- DATA RECORDS:
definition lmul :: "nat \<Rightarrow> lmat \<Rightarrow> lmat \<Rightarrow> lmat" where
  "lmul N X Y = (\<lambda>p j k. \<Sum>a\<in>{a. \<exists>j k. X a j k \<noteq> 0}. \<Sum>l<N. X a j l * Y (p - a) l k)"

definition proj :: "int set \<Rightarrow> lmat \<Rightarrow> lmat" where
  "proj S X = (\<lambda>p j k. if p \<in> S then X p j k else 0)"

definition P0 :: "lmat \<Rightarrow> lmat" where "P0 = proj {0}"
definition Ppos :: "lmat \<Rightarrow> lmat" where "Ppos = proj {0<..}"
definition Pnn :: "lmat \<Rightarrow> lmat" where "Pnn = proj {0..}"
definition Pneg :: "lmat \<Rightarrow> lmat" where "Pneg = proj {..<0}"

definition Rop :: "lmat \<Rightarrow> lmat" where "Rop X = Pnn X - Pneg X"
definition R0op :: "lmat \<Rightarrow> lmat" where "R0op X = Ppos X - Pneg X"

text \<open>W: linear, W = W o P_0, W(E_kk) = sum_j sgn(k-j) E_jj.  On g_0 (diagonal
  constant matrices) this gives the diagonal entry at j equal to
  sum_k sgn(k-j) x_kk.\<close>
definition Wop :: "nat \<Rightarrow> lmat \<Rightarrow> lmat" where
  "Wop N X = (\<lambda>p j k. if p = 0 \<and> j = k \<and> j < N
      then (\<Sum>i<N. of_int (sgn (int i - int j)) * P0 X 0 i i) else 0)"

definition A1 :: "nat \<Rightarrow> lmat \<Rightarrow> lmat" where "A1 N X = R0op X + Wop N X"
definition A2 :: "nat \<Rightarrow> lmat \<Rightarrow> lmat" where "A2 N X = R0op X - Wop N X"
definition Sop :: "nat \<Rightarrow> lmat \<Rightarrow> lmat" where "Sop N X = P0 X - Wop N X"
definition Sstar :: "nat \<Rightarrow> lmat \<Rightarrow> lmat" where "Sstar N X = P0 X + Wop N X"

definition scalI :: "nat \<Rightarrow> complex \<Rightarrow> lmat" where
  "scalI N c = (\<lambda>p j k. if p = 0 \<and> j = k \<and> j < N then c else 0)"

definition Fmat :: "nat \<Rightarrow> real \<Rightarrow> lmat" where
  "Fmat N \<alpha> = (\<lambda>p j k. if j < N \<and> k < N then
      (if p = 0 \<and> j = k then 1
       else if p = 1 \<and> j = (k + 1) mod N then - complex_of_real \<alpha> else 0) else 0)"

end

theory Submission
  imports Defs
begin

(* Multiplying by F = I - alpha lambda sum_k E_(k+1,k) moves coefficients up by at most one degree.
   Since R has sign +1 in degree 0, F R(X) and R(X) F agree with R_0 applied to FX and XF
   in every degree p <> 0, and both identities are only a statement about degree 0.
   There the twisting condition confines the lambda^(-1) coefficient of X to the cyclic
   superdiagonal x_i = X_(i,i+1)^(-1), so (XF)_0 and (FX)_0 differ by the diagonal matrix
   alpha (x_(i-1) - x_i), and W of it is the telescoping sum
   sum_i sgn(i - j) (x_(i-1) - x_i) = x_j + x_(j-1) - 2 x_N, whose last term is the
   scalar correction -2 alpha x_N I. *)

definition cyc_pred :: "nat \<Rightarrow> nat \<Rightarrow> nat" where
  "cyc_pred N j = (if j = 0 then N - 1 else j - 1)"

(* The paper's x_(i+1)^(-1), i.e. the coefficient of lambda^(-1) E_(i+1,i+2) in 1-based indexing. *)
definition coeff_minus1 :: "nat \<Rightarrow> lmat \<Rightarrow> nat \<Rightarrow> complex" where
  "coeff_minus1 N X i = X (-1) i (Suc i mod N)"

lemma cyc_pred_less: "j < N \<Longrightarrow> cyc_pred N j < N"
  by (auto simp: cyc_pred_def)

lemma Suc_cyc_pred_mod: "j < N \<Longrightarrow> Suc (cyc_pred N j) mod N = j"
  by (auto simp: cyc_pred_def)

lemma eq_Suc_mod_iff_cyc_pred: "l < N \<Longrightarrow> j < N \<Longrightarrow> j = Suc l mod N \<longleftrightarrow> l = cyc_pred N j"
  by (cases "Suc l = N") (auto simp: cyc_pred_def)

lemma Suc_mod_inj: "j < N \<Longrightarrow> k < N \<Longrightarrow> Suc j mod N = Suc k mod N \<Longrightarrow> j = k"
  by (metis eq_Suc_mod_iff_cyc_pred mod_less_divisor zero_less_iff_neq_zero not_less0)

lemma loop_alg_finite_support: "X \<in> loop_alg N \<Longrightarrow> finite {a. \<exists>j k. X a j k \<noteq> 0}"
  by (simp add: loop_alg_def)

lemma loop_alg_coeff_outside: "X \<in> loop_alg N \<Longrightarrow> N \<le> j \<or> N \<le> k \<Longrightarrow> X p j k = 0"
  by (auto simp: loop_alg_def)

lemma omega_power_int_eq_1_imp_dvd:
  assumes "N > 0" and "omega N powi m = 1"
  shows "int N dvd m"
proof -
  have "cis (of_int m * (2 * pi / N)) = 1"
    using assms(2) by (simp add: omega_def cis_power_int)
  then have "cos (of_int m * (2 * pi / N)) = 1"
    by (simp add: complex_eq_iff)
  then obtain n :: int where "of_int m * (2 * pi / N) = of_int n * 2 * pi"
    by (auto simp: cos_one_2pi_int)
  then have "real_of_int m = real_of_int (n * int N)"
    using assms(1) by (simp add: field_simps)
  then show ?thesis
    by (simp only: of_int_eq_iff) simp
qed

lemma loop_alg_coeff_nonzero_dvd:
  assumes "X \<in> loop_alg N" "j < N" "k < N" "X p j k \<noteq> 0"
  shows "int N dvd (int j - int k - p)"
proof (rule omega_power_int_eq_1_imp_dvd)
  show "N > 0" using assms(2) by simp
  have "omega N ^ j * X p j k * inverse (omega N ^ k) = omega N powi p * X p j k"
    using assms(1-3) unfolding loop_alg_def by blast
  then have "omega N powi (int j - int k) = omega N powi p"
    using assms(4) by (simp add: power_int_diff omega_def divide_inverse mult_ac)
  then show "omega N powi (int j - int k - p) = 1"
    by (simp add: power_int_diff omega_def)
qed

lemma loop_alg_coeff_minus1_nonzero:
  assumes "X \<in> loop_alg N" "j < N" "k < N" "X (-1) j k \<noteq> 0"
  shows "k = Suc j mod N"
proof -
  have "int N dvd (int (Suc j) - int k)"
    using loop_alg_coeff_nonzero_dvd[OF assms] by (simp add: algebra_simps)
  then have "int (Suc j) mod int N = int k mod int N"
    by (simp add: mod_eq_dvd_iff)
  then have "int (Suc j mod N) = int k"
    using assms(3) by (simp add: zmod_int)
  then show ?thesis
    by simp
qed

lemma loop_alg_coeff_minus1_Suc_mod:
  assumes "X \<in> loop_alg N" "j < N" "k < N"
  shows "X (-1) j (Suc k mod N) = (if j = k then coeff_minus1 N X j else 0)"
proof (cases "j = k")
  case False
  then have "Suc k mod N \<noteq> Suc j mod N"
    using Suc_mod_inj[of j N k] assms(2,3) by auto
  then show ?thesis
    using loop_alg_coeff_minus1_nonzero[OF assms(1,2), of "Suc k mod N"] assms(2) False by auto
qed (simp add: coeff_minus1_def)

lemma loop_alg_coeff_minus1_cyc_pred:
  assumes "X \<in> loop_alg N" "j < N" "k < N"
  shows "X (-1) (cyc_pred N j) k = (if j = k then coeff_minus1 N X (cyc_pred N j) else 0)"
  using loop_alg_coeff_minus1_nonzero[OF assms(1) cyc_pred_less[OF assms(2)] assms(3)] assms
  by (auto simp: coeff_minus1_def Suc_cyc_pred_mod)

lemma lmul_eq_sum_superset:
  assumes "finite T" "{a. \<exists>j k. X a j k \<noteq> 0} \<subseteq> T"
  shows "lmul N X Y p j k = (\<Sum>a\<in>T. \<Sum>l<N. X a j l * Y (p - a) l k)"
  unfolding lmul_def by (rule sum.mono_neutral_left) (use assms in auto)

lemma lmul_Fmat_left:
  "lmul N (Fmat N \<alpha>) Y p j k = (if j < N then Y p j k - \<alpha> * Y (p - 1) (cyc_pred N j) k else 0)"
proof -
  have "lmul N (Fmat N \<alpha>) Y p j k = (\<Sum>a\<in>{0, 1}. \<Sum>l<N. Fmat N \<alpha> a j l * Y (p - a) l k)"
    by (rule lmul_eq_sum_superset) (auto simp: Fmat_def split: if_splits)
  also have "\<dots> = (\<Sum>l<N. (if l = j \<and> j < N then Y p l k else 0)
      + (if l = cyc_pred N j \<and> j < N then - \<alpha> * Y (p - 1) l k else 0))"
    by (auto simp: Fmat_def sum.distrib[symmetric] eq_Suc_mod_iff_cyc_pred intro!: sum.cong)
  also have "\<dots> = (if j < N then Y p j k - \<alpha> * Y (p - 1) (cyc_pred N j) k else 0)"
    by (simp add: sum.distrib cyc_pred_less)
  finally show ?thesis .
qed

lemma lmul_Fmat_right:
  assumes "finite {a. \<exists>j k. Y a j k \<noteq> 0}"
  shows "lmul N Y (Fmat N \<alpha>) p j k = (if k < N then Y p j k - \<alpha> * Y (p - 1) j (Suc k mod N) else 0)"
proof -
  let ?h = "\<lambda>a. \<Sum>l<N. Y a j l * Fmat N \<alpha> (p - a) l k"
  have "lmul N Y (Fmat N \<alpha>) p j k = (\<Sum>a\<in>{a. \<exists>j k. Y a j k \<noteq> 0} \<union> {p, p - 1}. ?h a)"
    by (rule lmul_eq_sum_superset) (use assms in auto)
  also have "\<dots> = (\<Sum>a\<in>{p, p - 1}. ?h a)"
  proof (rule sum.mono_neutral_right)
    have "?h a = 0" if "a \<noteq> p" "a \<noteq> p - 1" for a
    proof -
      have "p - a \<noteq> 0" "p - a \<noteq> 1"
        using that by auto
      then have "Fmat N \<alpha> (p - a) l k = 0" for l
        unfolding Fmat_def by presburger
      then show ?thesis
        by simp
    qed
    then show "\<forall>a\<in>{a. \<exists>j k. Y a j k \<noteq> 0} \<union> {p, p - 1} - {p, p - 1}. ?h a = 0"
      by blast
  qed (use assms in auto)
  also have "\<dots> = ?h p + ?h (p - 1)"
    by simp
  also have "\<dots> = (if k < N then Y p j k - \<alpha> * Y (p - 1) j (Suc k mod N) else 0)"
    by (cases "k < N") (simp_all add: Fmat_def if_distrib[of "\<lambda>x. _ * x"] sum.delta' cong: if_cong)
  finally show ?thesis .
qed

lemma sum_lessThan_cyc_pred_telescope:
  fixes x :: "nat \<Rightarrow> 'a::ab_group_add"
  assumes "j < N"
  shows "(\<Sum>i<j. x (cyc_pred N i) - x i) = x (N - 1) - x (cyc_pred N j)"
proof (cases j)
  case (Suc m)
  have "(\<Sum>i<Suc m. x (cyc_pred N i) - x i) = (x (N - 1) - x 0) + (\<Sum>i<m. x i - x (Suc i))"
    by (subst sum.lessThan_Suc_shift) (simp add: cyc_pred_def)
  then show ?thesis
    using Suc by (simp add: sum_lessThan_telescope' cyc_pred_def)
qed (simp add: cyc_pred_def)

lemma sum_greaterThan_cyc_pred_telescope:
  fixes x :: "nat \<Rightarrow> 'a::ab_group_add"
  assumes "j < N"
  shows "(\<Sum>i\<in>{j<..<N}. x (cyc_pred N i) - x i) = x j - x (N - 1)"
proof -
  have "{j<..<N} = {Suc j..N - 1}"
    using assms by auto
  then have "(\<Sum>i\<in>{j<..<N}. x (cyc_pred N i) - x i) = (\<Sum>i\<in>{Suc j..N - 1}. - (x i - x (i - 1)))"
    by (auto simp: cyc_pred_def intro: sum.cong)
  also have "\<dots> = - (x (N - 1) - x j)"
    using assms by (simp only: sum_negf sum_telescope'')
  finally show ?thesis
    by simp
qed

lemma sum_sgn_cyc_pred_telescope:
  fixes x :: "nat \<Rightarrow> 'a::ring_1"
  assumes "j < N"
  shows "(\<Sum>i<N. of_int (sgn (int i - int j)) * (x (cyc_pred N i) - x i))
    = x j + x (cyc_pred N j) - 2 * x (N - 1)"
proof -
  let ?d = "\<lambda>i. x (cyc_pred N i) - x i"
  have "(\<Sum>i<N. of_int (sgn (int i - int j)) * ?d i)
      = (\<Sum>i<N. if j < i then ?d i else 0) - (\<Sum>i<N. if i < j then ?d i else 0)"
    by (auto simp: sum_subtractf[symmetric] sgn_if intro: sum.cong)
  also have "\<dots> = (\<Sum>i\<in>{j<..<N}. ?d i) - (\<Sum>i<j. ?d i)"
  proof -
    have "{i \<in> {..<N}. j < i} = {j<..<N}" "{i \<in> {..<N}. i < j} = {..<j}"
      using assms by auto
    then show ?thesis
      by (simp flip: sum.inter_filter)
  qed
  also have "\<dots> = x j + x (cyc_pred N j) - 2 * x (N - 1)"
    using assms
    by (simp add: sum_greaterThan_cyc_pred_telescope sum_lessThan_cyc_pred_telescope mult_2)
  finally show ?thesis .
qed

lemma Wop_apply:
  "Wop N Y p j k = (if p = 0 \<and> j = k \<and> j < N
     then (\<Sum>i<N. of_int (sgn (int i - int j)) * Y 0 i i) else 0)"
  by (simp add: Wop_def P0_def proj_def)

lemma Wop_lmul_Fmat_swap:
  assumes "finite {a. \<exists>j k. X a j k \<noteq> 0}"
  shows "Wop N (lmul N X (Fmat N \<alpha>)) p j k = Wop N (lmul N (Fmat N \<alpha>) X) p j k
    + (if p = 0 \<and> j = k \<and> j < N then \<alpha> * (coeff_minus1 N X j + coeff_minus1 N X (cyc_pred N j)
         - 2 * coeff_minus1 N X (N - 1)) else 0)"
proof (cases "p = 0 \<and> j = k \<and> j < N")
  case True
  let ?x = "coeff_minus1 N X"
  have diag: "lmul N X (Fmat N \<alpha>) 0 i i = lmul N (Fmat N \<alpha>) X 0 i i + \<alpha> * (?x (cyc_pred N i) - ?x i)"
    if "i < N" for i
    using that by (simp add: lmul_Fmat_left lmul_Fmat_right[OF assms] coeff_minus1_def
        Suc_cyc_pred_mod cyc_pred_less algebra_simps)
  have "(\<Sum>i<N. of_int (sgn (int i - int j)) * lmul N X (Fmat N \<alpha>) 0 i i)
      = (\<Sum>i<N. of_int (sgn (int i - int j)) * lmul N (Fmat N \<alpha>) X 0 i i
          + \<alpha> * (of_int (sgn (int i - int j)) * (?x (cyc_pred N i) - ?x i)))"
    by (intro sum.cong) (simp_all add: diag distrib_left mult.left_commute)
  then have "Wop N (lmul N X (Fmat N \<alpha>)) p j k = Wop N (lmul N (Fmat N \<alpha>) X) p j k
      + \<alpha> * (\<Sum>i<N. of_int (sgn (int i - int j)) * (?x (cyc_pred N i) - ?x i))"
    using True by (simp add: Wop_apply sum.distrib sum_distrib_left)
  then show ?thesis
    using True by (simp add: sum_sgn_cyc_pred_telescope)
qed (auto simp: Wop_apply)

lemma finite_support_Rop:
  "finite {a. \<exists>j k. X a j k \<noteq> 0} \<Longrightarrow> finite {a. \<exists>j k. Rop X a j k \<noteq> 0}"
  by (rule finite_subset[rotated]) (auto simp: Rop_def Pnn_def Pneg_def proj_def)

- WHAT NEEDS TO BE DONE:
Lines from the one with "using True by (simp add: Wop_apply" through the end of the data: set these down exactly, including both ends and nothing more.

- ANSWER SPACE:
    using True by (simp add: Wop_apply sum.distrib sum_distrib_left)
  then show ?thesis
    using True by (simp add: sum_sgn_cyc_pred_telescope)
qed (auto simp: Wop_apply)

lemma finite_support_Rop:
  "finite {a. \<exists>j k. X a j k \<noteq> 0} \<Longrightarrow> finite {a. \<exists>j k. Rop X a j k \<noteq> 0}"
  by (rule finite_subset[rotated]) (auto simp: Rop_def Pnn_def Pneg_def proj_def)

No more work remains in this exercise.